_TASK DIRECTIONS_. Give back the line containing "x = (\<Sum>m\<in>UNIV." along with every line after it, exactly, until the entries end.

_RECORDS SUPPLIED_.
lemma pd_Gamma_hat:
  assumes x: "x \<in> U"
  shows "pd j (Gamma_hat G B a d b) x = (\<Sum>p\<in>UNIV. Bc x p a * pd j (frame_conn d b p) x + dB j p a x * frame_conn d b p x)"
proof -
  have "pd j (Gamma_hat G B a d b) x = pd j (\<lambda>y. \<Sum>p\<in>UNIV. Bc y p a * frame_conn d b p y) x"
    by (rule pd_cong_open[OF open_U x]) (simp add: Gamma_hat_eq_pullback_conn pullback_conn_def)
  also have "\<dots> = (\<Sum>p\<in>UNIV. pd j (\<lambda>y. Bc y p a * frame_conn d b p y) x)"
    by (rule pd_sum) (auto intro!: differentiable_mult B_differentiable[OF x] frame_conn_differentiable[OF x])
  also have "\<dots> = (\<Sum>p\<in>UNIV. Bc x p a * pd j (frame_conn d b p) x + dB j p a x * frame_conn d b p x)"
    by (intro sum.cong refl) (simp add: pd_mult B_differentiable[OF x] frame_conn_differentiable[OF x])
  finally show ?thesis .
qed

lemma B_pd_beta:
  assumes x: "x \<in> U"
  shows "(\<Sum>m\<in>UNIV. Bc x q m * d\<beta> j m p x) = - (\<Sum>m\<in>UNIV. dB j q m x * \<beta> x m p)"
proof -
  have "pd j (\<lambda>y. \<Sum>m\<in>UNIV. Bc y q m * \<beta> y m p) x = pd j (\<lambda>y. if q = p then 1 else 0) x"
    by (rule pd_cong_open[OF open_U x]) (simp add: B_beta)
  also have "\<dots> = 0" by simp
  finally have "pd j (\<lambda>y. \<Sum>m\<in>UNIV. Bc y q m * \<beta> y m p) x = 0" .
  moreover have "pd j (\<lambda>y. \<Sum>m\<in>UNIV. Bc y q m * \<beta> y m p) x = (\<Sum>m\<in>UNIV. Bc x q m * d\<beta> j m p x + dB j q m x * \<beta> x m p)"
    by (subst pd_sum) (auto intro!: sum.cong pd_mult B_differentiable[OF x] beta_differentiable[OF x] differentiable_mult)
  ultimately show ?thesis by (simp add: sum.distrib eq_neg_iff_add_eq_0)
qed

_YOUR RESPONSE_.
  moreover have "pd j (\<lambda>y. \<Sum>m\<in>UNIV. Bc y q m * \<beta> y m p) x = (\<Sum>m\<in>UNIV. Bc x q m * d\<beta> j m p x + dB j q m x * \<beta> x m p)"
    by (subst pd_sum) (auto intro!: sum.cong pd_mult B_differentiable[OF x] beta_differentiable[OF x] differentiable_mult)
  ultimately show ?thesis by (simp add: sum.distrib eq_neg_iff_add_eq_0)
qed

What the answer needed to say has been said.